For a full-payoff sale, the bank cannot refuse - you have the legal right to sell your own property and pay off your debts. The bank provides a payoff statement and the title company ensures they receive payment at closing. For a short sale, the bank can refuse if they believe the offer is too low, you do not qualify for hardship, or they believe they can recover more at auction. Under CFPB rules, if you submit a complete loss mitigation application - which can include a short sale request - more than 37 days before a scheduled foreclosure sale, the servicer must evaluate it before proceeding with the auction.

What is a deed in lieu of foreclosure and is it better than selling?

A deed in lieu of foreclosure is when you voluntarily transfer ownership of your house to the lender in exchange for release from the mortgage obligation. It is less damaging to your credit than a completed foreclosure - typically an 85-130 point drop versus 150-250 for foreclosure. However, it is almost always worse than selling.
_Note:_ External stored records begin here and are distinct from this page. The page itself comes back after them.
definition is_valuation_Gbeta :: "'g::linordered_ab_group_add set \<Rightarrow> ('g set \<Rightarrow> 'g)
    \<Rightarrow> 'f set \<Rightarrow> 'f \<Rightarrow> ('f \<Rightarrow> 'f \<Rightarrow> 'f) \<Rightarrow> ('f \<Rightarrow> 'f \<Rightarrow> 'f) \<Rightarrow> ('f \<Rightarrow> ('g \<times> 'g set) option) \<Rightarrow> bool" where
  "is_valuation_Gbeta A \<alpha> F z ad mu w \<longleftrightarrow>
     (\<forall>x\<in>F. w x = None \<or> (\<exists>p. w x = Some p \<and> fst p \<in> A \<and> snd p \<in> Hq A))
   \<and> (\<forall>x\<in>F. w x = None \<longleftrightarrow> x = z)
   \<and> (\<forall>x\<in>F. \<forall>y\<in>F. w (mu x y) = gbi_add \<alpha> (w x) (w y))
   \<and> (\<forall>x\<in>F. \<forall>y\<in>F. gbi_le A (w x) (w (ad x y)) \<or> gbi_le A (w y) (w (ad x y)))"

end

theory Submission
  imports Defs
begin

(* If h + h' = a + b in H with a <= h and b <= h', then h = a and h' = b, because A is convex.
   Hence the leading exponent of a product of series with leading exponents a and b is a + b,
   with coefficient f a * g b * sigma (- beta a b); its value v (f a) + v (g b) - beta a b is
   the first component of (v (f a), a) + (v (g b), b) in G_beta.  The leading exponent of f + g
   is at least the smaller of a and b, and when it equals both, the ultrametric inequality is
   that of v. *)

definition least_in :: "'g::linordered_ab_group_add set \<Rightarrow> 'g set set \<Rightarrow> 'g set \<Rightarrow> bool" where
  "least_in A S m \<longleftrightarrow> m \<in> S \<and> (\<forall>t\<in>S. hle A m t)"

definition well_supported :: "'g::linordered_ab_group_add set \<Rightarrow> ('g set \<Rightarrow> 'k::zero) \<Rightarrow> bool" where
  "well_supported A f \<longleftrightarrow> supp f \<subseteq> Hq A \<and> well_ordered_H A (supp f)"

lemma FS_well_supported: "f \<in> FS A D \<Longrightarrow> well_supported A f"
  unfolding FS_def well_supported_def by blast

lemma fs_zero_iff_supp_empty: "f = fs_zero \<longleftrightarrow> supp f = {}"
  unfolding fs_zero_def supp_def by auto

lemma supp_fs_add: "supp (fs_add f g) \<subseteq> supp f \<union> supp g"
  unfolding supp_def fs_add_def by auto

lemma fs_add_commute: "fs_add f g = fs_add g f"
  unfolding fs_add_def by (simp add: add.commute)

lemma fs_add_zero_left: "fs_add fs_zero g = g" and fs_add_zero_right: "fs_add f fs_zero = f"
  unfolding fs_add_def fs_zero_def by simp_all

lemma fs_mul_zero_left: "fs_mul \<alpha> \<sigma> fs_zero g = fs_zero"
  and fs_mul_zero_right: "fs_mul \<alpha> \<sigma> f fs_zero = fs_zero"
  unfolding fs_mul_def fs_zero_def supp_def by simp_all

(* The index set of the sum defining fs_mul need not be finite; an infinite sum is 0, so only
   nonemptiness can be inferred. *)
lemma supp_fs_mul:
  assumes "l \<in> supp (fs_mul \<alpha> \<sigma> f g)"
  obtains h h' where "h \<in> supp f" "h' \<in> supp g" "l = hadd h h'"
proof -
  let ?P = "{(h, h'). h \<in> supp f \<and> h' \<in> supp g \<and> hadd h h' = l}"
  have "(\<Sum>(h, h') \<in> ?P. f h * g h' * \<sigma> (- beta \<alpha> h h')) \<noteq> 0"
    using assms unfolding supp_def fs_mul_def by simp
  then have "?P \<noteq> {}" by (rule contrapos_nn) (simp only: sum.empty)
  then show thesis using that by blast
qed

lemma well_ordered_H_least: "well_ordered_H A S \<Longrightarrow> S \<noteq> {} \<Longrightarrow> \<exists>m. least_in A S m"
  unfolding well_ordered_H_def least_in_def by blast

lemma well_ordered_H_subset: "well_ordered_H A S \<Longrightarrow> T \<subseteq> S \<Longrightarrow> well_ordered_H A T"
  unfolding well_ordered_H_def by blast

lemma fs_val_zero: "fs_val A v fs_zero = None"
  unfolding fs_val_def by simp

lemma fs_val_eq_None_iff: "fs_val A v f = None \<longleftrightarrow> f = fs_zero"
  unfolding fs_val_def Let_def by simp

lemma gbi_le_refl: "gbi_le A z z"
  unfolding gbi_le_def gb_le_def by (cases z) auto

locale convex_quotient =
  fixes A :: "'g::linordered_ab_group_add set"
  assumes convex: "convex_subgroup A"
begin

lemma zero_in: "0 \<in> A"
  and add_in: "x \<in> A \<Longrightarrow> y \<in> A \<Longrightarrow> x + y \<in> A"
  and uminus_in: "x \<in> A \<Longrightarrow> - x \<in> A"
  and between_in: "a \<in> A \<Longrightarrow> b \<in> A \<Longrightarrow> a \<le> x \<Longrightarrow> x \<le> b \<Longrightarrow> x \<in> A"
  using convex unfolding convex_subgroup_def by blast+

lemma rho_eq_iff: "rho A x = rho A y \<longleftrightarrow> x - y \<in> A"
proof
  assume "rho A x = rho A y"
  moreover have "x \<in> rho A x" using zero_in unfolding rho_def by force
  ultimately obtain a where "a \<in> A" "x = y + a" unfolding rho_def by auto
  then show "x - y \<in> A" by simp
next
  have sub: "rho A x \<subseteq> rho A y" if "x - y \<in> A" for x y
  proof
    fix z assume "z \<in> rho A x"
    then obtain a where "a \<in> A" "z = y + ((x - y) + a)" unfolding rho_def by auto
    then show "z \<in> rho A y" using that add_in unfolding rho_def by blast
  qed
  assume "x - y \<in> A"
  moreover from this have "y - x \<in> A" using uminus_in by force
  ultimately show "rho A x = rho A y" using sub by blast
qed

lemma hadd_rho: "hadd (rho A x) (rho A y) = rho A (x + y)"
  unfolding hadd_def rho_def
proof (intro equalityI subsetI)
  fix z assume "z \<in> {u + w |u w. u \<in> (+) x ` A \<and> w \<in> (+) y ` A}"
  then obtain a b where "a \<in> A" "b \<in> A" "z = (x + y) + (a + b)" by (auto simp: algebra_simps)
  then show "z \<in> (+) (x + y) ` A" using add_in by blast
next
  fix z assume "z \<in> (+) (x + y) ` A"
  then obtain a where "a \<in> A" "z = (x + a) + (y + 0)" by (auto simp: algebra_simps)
  then show "z \<in> {u + w |u w. u \<in> (+) x ` A \<and> w \<in> (+) y ` A}" using zero_in by blast
qed

lemma hle_rho_iff: "hle A (rho A x) (rho A y) \<longleftrightarrow> (\<exists>a\<in>A. x \<le> y + a)"
proof
  assume "hle A (rho A x) (rho A y)"
  then obtain x' y' where "x - x' \<in> A" "y - y' \<in> A" "x' \<le> y'"
    unfolding hle_def rho_eq_iff by blast
  moreover have "x \<le> y + ((x - x') - (y - y'))" using \<open>x' \<le> y'\<close> by simp
  ultimately show "\<exists>a\<in>A. x \<le> y + a" using add_in uminus_in by force
next
  assume "\<exists>a\<in>A. x \<le> y + a"
  then obtain a where "a \<in> A" "x \<le> y + a" by blast
  moreover from this have "rho A y = rho A (y + a)" using uminus_in by (simp add: rho_eq_iff)
  ultimately show "hle A (rho A x) (rho A y)" unfolding hle_def by blast
qed

lemma HqE:
  assumes "h \<in> Hq A"
  obtains x where "h = rho A x"
  using assms unfolding Hq_def by blast

lemma rho_in_Hq: "rho A x \<in> Hq A"
  unfolding Hq_def by simp

lemma hadd_in_Hq: "h \<in> Hq A \<Longrightarrow> h' \<in> Hq A \<Longrightarrow> hadd h h' \<in> Hq A"
  by (metis HqE hadd_rho rho_in_Hq)

lemma hle_total: "h \<in> Hq A \<Longrightarrow> h' \<in> Hq A \<Longrightarrow> hle A h h' \<or> hle A h' h"
  using zero_in by (metis HqE add_0_right hle_rho_iff linear)

lemma hle_trans:
  assumes "h1 \<in> Hq A" "h2 \<in> Hq A" "h3 \<in> Hq A" "hle A h1 h2" "hle A h2 h3"
  shows "hle A h1 h3"
proof -
  obtain x y z where reps: "h1 = rho A x" "h2 = rho A y" "h3 = rho A z"
    using assms(1-3) HqE by metis
  then obtain a b where "a \<in> A" "b \<in> A" "x \<le> y + a" "y \<le> z + b"
    using assms(4,5) hle_rho_iff by metis
  moreover have "y + a \<le> z + (b + a)"
    using add_right_mono[OF \<open>y \<le> z + b\<close>, of a] by (simp add: add.assoc)
  ultimately have "x \<le> z + (b + a)" "b + a \<in> A" using add_in order_trans by blast+
  then show ?thesis using reps hle_rho_iff by blast
qed

lemma hle_antisym:
  assumes "h \<in> Hq A" "h' \<in> Hq A" "hle A h h'" "hle A h' h"
  shows "h = h'"
proof -
  obtain x y where reps: "h = rho A x" "h' = rho A y"
    using assms(1,2) HqE by metis
  then obtain a b where "a \<in> A" "b \<in> A" "x \<le> y + a" "y \<le> x + b"
    using assms(3,4) hle_rho_iff by metis
  moreover from this have "- b \<le> x - y" "x - y \<le> a" by (simp_all add: algebra_simps)
  ultimately have "x - y \<in> A" using between_in uminus_in by blast
  then show ?thesis using reps rho_eq_iff by blast
qed

lemma hadd_mono:
  assumes "a \<in> Hq A" "b \<in> Hq A" "h \<in> Hq A" "h' \<in> Hq A" "hle A a h" "hle A b h'"
  shows "hle A (hadd a b) (hadd h h')"
proof -
  obtain x y u w where reps: "a = rho A x" "b = rho A y" "h = rho A u" "h' = rho A w"
    using assms(1-4) HqE by metis
  then obtain c d where "c \<in> A" "d \<in> A" "x \<le> u + c" "y \<le> w + d"
    using assms(5,6) hle_rho_iff by metis
  then have "x + y \<le> (u + w) + (c + d)" "c + d \<in> A"
    using add_mono[of x "u + c" y "w + d"] add_in by (simp_all add: algebra_simps)
  then show ?thesis using reps hadd_rho hle_rho_iff by metis
qed

lemma hadd_le_eq_imp_eq:
  assumes "a \<in> Hq A" "b \<in> Hq A" "h \<in> Hq A" "h' \<in> Hq A" "hle A a h" "hle A b h'"
    and "hadd h h' = hadd a b"
  shows "h = a \<and> h' = b"
proof -
  obtain x y u w where reps: "a = rho A x" "b = rho A y" "h = rho A u" "h' = rho A w"
    using assms(1-4) HqE by metis
  then obtain c d where "c \<in> A" "d \<in> A" "x \<le> u + c" "y \<le> w + d"
    using assms(5,6) hle_rho_iff by metis
  define e where "e = (u + w) - (x + y)"
  have "e \<in> A" using reps assms(7) hadd_rho rho_eq_iff unfolding e_def by metis
  have "- c \<le> u - x" "u - x \<le> e + d" "- d \<le> w - y" "w - y \<le> e + c"
    using \<open>x \<le> u + c\<close> \<open>y \<le> w + d\<close> unfolding e_def by (simp_all add: algebra_simps)
  then have "u - x \<in> A" "w - y \<in> A"
    using \<open>c \<in> A\<close> \<open>d \<in> A\<close> \<open>e \<in> A\<close> between_in uminus_in add_in by meson+
  then show ?thesis using reps rho_eq_iff by blast
qed

lemma least_in_unique:
  assumes "S \<subseteq> Hq A" "least_in A S m" "least_in A S m'"
  shows "m = m'"
  using assms hle_antisym[of m m'] unfolding least_in_def by blast

lemma least_in_Un_if_le:
  assumes "S1 \<union> S2 \<subseteq> Hq A" "least_in A S1 m1" "least_in A S2 m2" "hle A m1 m2"
  shows "least_in A (S1 \<union> S2) m1"
  unfolding least_in_def
proof (intro conjI ballI)
  show "m1 \<in> S1 \<union> S2" using assms(2) unfolding least_in_def by blast
  fix t assume "t \<in> S1 \<union> S2"
  then show "hle A m1 t"
  proof
    assume "t \<in> S1"
    then show ?thesis using assms(2) unfolding least_in_def by blast
  next
    assume "t \<in> S2"
    then have "hle A m2 t" "m1 \<in> Hq A" "m2 \<in> Hq A" "t \<in> Hq A"
      using assms(1-3) unfolding least_in_def by blast+
    then show ?thesis using hle_trans assms(4) by blast
  qed
qed

lemma least_in_Un:
  assumes "S1 \<union> S2 \<subseteq> Hq A" "least_in A S1 m1" "least_in A S2 m2"
  shows "\<exists>m. least_in A (S1 \<union> S2) m"
proof -
  have "m1 \<in> Hq A" "m2 \<in> Hq A" using assms unfolding least_in_def by blast+
  then consider "hle A m1 m2" | "hle A m2 m1" using hle_total by blast
  then show ?thesis
  proof cases
    case 1
    then show ?thesis using least_in_Un_if_le[OF assms] by blast
  next
    case 2
    moreover have "S2 \<union> S1 \<subseteq> Hq A" using assms(1) by blast
    ultimately have "least_in A (S2 \<union> S1) m2" using least_in_Un_if_le assms(2,3) by blast
    then show ?thesis by (auto simp: Un_commute)
  qed
qed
With a deed in lieu, you receive zero proceeds. If you sell, even in a distressed situation, any equity above the mortgage balance is yours. A deed in lieu is typically only appropriate when the property is underwater, you have no equity to protect, and the lender agrees to waive the deficiency in writing.
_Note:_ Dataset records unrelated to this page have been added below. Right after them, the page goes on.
lemma inner_egrad_hfun_rgrad_ge:
  fixes Y Z :: "real^'p^'n"
  assumes fdiff: "\<forall>Z. f differentiable (at Z)" and Z: "Z \<in> stiefel" and \<beta>: "0 \<le> \<beta>"
    and lip: "norm (egrad f (newton_schulz Y) - egrad f Z) \<le> L * norm (stiefel_defect Y)"
    and YZ: "norm (Y - Z) \<le> 2 * norm (stiefel_defect Y)"
    and nY: "norm Y \<le> K" and nZ: "norm Z \<le> K" and nN: "norm (egrad f Z) \<le> KG"
  shows "(norm (rgrad f Z))\<^sup>2 - (L * (3/2 + 3/2 * K\<^sup>2) + 6 * KG * K + \<beta> * K)
      * norm (stiefel_defect Y) * norm (rgrad f Z) \<le> egrad (hfun f \<beta>) Y \<bullet> rgrad f Z"
proof -
  define e where "e = norm (stiefel_defect Y)"
  define R where "R = rgrad f Z"
  define N where "N = egrad f Z"
  define D where "D W = newton_schulz_deriv W R" for W :: "real^'p^'n"
  have K: "0 \<le> K" using nY norm_ge_zero[of Y] by linarith
  have KG: "0 \<le> KG" using nN norm_ge_zero[of "egrad f Z"] by linarith
  have KD: "3/2 + 3/2 * (norm Y)\<^sup>2 \<le> 3/2 + 3/2 * K\<^sup>2"
    using power_mono[OF nY norm_ge_zero, of 2] by simp
  have Le: "0 \<le> L * e" using order_trans[OF norm_ge_zero lip] by (simp add: e_def)
  have "\<bar>(egrad f (newton_schulz Y) - N) \<bullet> D Y\<bar> \<le> (L * e) * ((3/2 + 3/2 * K\<^sup>2) * norm R)"
  proof -
    have "norm (D Y) \<le> (3/2 + 3/2 * K\<^sup>2) * norm R"
      using norm_newton_schulz_deriv_le[of Y R] mult_right_mono[OF KD norm_ge_zero[of R]]
      by (simp add: D_def)
    then show ?thesis
      using order_trans[OF Cauchy_Schwarz_ineq2 mult_mono[OF lip]] Le by (simp add: N_def e_def)
  qed
  moreover have "\<bar>N \<bullet> (D Y - D Z)\<bar> \<le> KG * (3/2 * norm R * (2 * K) * (2 * e))"
  proof -
    have YZ_le: "3/2 * norm R * (norm Y + norm Z) \<le> 3/2 * norm R * (2 * K)"
      using nY nZ by (intro mult_left_mono) auto
    have "norm (D Y - D Z) \<le> 3/2 * norm R * (norm Y + norm Z) * norm (Y - Z)"
      unfolding D_def by (rule norm_newton_schulz_deriv_diff_le)
    also have "\<dots> \<le> 3/2 * norm R * (2 * K) * (2 * e)"
      by (rule mult_mono[OF YZ_le YZ[folded e_def]]) (use K in auto)
    finally have DYZ: "norm (D Y - D Z) \<le> 3/2 * norm R * (2 * K) * (2 * e)" .
    show ?thesis
      using order_trans[OF Cauchy_Schwarz_ineq2 mult_mono[OF nN DYZ]] KG by (simp add: N_def)
  qed
  moreover have "\<bar>\<beta> / 2 * (stiefel_defect Y \<bullet> (transpose Y ** R + transpose R ** Y))\<bar>
      \<le> \<beta> / 2 * (e * (2 * K * norm R))"
  proof -
    have "norm (transpose Y ** R + transpose R ** Y) \<le> 2 * K * norm R"
      using norm_gram_deriv_le[of Y R] mult_right_mono[OF nY norm_ge_zero[of R]] by simp
    then have "\<bar>stiefel_defect Y \<bullet> (transpose Y ** R + transpose R ** Y)\<bar> \<le> e * (2 * K * norm R)"
      using order_trans[OF Cauchy_Schwarz_ineq2 mult_left_mono] by (simp add: e_def)
    then have "\<beta> / 2 * \<bar>stiefel_defect Y \<bullet> (transpose Y ** R + transpose R ** Y)\<bar>
        \<le> \<beta> / 2 * (e * (2 * K * norm R))"
      by (rule mult_left_mono) (use \<beta> in simp)
    then show ?thesis using \<beta> by (simp add: abs_mult)
  qed
  ultimately show ?thesis
    unfolding inner_egrad_hfun_rgrad_eq[OF fdiff Z]
    unfolding R_def[symmetric] N_def[symmetric] D_def[symmetric] e_def[symmetric]
    by (simp add: abs_le_iff algebra_simps)
qed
Will I owe taxes if my foreclosed home sells for less than I owe?

Potentially yes. When a lender forgives debt through foreclosure, short sale, or deed in lieu, the IRS generally treats the forgiven amount as taxable income and the lender issues a 1099-C. However, the Mortgage Forgiveness Debt Relief Act excludes up to $750,000 of forgiven debt on your principal residence from taxable income (extended through 2025). The insolvency exception also applies - if your total debts exceed your total assets at the time of debt cancellation, some or all may be excluded. A $50,000 deficiency treated as income could generate $10,000-$15,000 in additional taxes, so consulting a tax professional before finalizing any transaction is strongly recommended.
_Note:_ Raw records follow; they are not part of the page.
(* Let $R$ be the ring of integers of a nonarchimedean local field $F$ of characteristic not $2$ in which $2$ is a prime element of $R$. For every positive integer $n$, the minimal rank of an even $R$-lattice that primitively represents all even $R$-lattices of rank $n$ is exactly $2n$.
   Context: An $R$-lattice is a finitely generated $R$-submodule $L$ of a quadratic space $(V,B)$ over $F$ with $Q(v)=B(v,v)$, assumed integral ($B(L,L)\subseteq R$) and nondegenerate. $L$ is even if $Q(L)\subseteq 2R$. A representation of $L$ into $M$ is an $R$-linear map preserving $B$; it is primitive if its image is a direct summand of $M$. *)

theory Defs
  imports Main
begin

text \<open>A normalized discrete valuation on a field: defined on nonzero elements
(the value at 0 is irrelevant and never used).\<close>
definition discrete_valuation :: "('a::field \<Rightarrow> int) \<Rightarrow> bool" where
  "discrete_valuation v \<longleftrightarrow>
     (\<forall>x y. x \<noteq> 0 \<longrightarrow> y \<noteq> 0 \<longrightarrow> v (x * y) = v x + v y) \<and>
     (\<forall>x y. x \<noteq> 0 \<longrightarrow> y \<noteq> 0 \<longrightarrow> x + y \<noteq> 0 \<longrightarrow> v (x + y) \<ge> min (v x) (v y)) \<and>
     (\<forall>k. \<exists>x. x \<noteq> 0 \<and> v x = k)"

definition int_ring :: "('a::field \<Rightarrow> int) \<Rightarrow> 'a set" where
  "int_ring v = {x. x = 0 \<or> v x \<ge> 0}"

definition vclose :: "('a::field \<Rightarrow> int) \<Rightarrow> int \<Rightarrow> 'a \<Rightarrow> 'a \<Rightarrow> bool" where
  "vclose v N x y \<longleftrightarrow> x = y \<or> v (x - y) \<ge> N"

definition vcomplete :: "('a::field \<Rightarrow> int) \<Rightarrow> bool" where
  "vcomplete v \<longleftrightarrow>
     (\<forall>a :: nat \<Rightarrow> 'a.
        (\<forall>N. \<exists>K. \<forall>i\<ge>K. \<forall>j\<ge>K. vclose v N (a i) (a j)) \<longrightarrow>
        (\<exists>l. \<forall>N. \<exists>K. \<forall>i\<ge>K. vclose v N (a i) l))"

definition finite_residue_field :: "('a::field \<Rightarrow> int) \<Rightarrow> bool" where
  "finite_residue_field v \<longleftrightarrow>
     (\<exists>S. finite S \<and> S \<subseteq> int_ring v \<and> (\<forall>x\<in>int_ring v. \<exists>s\<in>S. vclose v 1 x s))"

definition nonarch_local_field :: "('a::field \<Rightarrow> int) \<Rightarrow> bool" where
  "nonarch_local_field v \<longleftrightarrow> discrete_valuation v \<and> vcomplete v \<and> finite_residue_field v"

definition dvd_in :: "'a::field set \<Rightarrow> 'a \<Rightarrow> 'a \<Rightarrow> bool" where
  "dvd_in R a b \<longleftrightarrow> (\<exists>c\<in>R. b = a * c)"

definition prime_elem_in :: "'a::field set \<Rightarrow> 'a \<Rightarrow> bool" where
  "prime_elem_in R p \<longleftrightarrow> p \<in> R \<and> p \<noteq> 0 \<and> \<not> dvd_in R p 1 \<and>
     (\<forall>a\<in>R. \<forall>b\<in>R. dvd_in R p (a * b) \<longrightarrow> dvd_in R p a \<or> dvd_in R p b)"

definition Rmod :: "'a::field set \<Rightarrow> nat \<Rightarrow> (nat \<Rightarrow> 'a) set" where
  "Rmod R m = {x. (\<forall>i. x i \<in> R) \<and> (\<forall>i\<ge>m. x i = 0)}"

definition bform :: "nat \<Rightarrow> (nat \<Rightarrow> nat \<Rightarrow> 'a::field) \<Rightarrow> (nat \<Rightarrow> 'a) \<Rightarrow> (nat \<Rightarrow> 'a) \<Rightarrow> 'a" where
  "bform m G x y = (\<Sum>i<m. \<Sum>j<m. x i * G i j * y j)"

definition is_lattice :: "('a::field \<Rightarrow> int) \<Rightarrow> nat \<Rightarrow> (nat \<Rightarrow> nat \<Rightarrow> 'a) \<Rightarrow> bool" where
  "is_lattice v m G \<longleftrightarrow>
     (\<forall>i<m. \<forall>j<m. G i j = G j i) \<and>
     (\<forall>x\<in>Rmod (int_ring v) m. \<forall>y\<in>Rmod (int_ring v) m. bform m G x y \<in> int_ring v) \<and>
     (\<forall>x\<in>Rmod (int_ring v) m. (\<forall>y\<in>Rmod (int_ring v) m. bform m G x y = 0) \<longrightarrow> x = (\<lambda>_. 0))"

definition even_lattice :: "('a::field \<Rightarrow> int) \<Rightarrow> nat \<Rightarrow> (nat \<Rightarrow> nat \<Rightarrow> 'a) \<Rightarrow> bool" where
  "even_lattice v m G \<longleftrightarrow> is_lattice v m G \<and>
     (\<forall>x\<in>Rmod (int_ring v) m. \<exists>r\<in>int_ring v. bform m G x x = 2 * r)"

definition submodule_of :: "'a::field set \<Rightarrow> (nat \<Rightarrow> 'a) set \<Rightarrow> (nat \<Rightarrow> 'a) set \<Rightarrow> bool" where
  "submodule_of R N M \<longleftrightarrow> N \<subseteq> M \<and> (\<lambda>_. 0) \<in> N \<and>
     (\<forall>x\<in>N. \<forall>y\<in>N. (\<lambda>i. x i + y i) \<in> N) \<and> (\<forall>r\<in>R. \<forall>x\<in>N. (\<lambda>i. r * x i) \<in> N)"

definition direct_summand :: "'a::field set \<Rightarrow> (nat \<Rightarrow> 'a) set \<Rightarrow> (nat \<Rightarrow> 'a) set \<Rightarrow> bool" where
  "direct_summand R S M \<longleftrightarrow> (\<exists>N. submodule_of R N M \<and>
     (\<forall>z\<in>M. \<exists>u\<in>S. \<exists>w\<in>N. z = (\<lambda>i. u i + w i)) \<and> S \<inter> N = {\<lambda>_. 0})"

definition representation ::
  "('a::field \<Rightarrow> int) \<Rightarrow> nat \<Rightarrow> (nat \<Rightarrow> nat \<Rightarrow> 'a) \<Rightarrow> nat \<Rightarrow> (nat \<Rightarrow> nat \<Rightarrow> 'a)
     \<Rightarrow> ((nat \<Rightarrow> 'a) \<Rightarrow> (nat \<Rightarrow> 'a)) \<Rightarrow> bool" where
  "representation v n A m G \<sigma> \<longleftrightarrow>
     \<sigma> ` Rmod (int_ring v) n \<subseteq> Rmod (int_ring v) m \<and>
     (\<forall>x\<in>Rmod (int_ring v) n. \<forall>y\<in>Rmod (int_ring v) n. \<sigma> (\<lambda>i. x i + y i) = (\<lambda>i. \<sigma> x i + \<sigma> y i)) \<and>
     (\<forall>r\<in>int_ring v. \<forall>x\<in>Rmod (int_ring v) n. \<sigma> (\<lambda>i. r * x i) = (\<lambda>i. r * \<sigma> x i)) \<and>
     (\<forall>x\<in>Rmod (int_ring v) n. \<forall>y\<in>Rmod (int_ring v) n. bform m G (\<sigma> x) (\<sigma> y) = bform n A x y)"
Can I sell my house in foreclosure if I have a second mortgage or HELOC?

Yes, but all lien holders must be satisfied at closing for the title to transfer cleanly. The first mortgage has priority and is paid first from the sale proceeds. The second mortgage or HELOC holder gets paid next. If the sale price does not cover all liens, you need approval from each lender for a short sale. Second lien holders often have the most leverage and can block the sale if they feel their recovery is too low - in practice, they typically receive $6,000-$8,000 or a percentage of their balance. Negotiating with multiple lenders is more complex, which is why working with an experienced cash buyer or attorney on your Hawaii sale is important.

How quickly can I sell a house in foreclosure to a cash buyer?

A cash sale can close in as little as 7-14 days from the signed purchase agreement. There is no financing contingency, no appraisal requirement, and no mortgage underwriting delay. The typical timeline: Day 1 - cash offer presented. Days 2-3 - title search and payoff statement requested from the lender. Days 5-7 - title cleared, closing documents prepared. Days 7-14 - closing and funding. The critical variable is how quickly the existing lender provides the payoff statement, which typically takes 3-7 business days. If the auction is imminent in Hawaii, a cash buyer can often negotiate a postponement with the lender while the sale closes.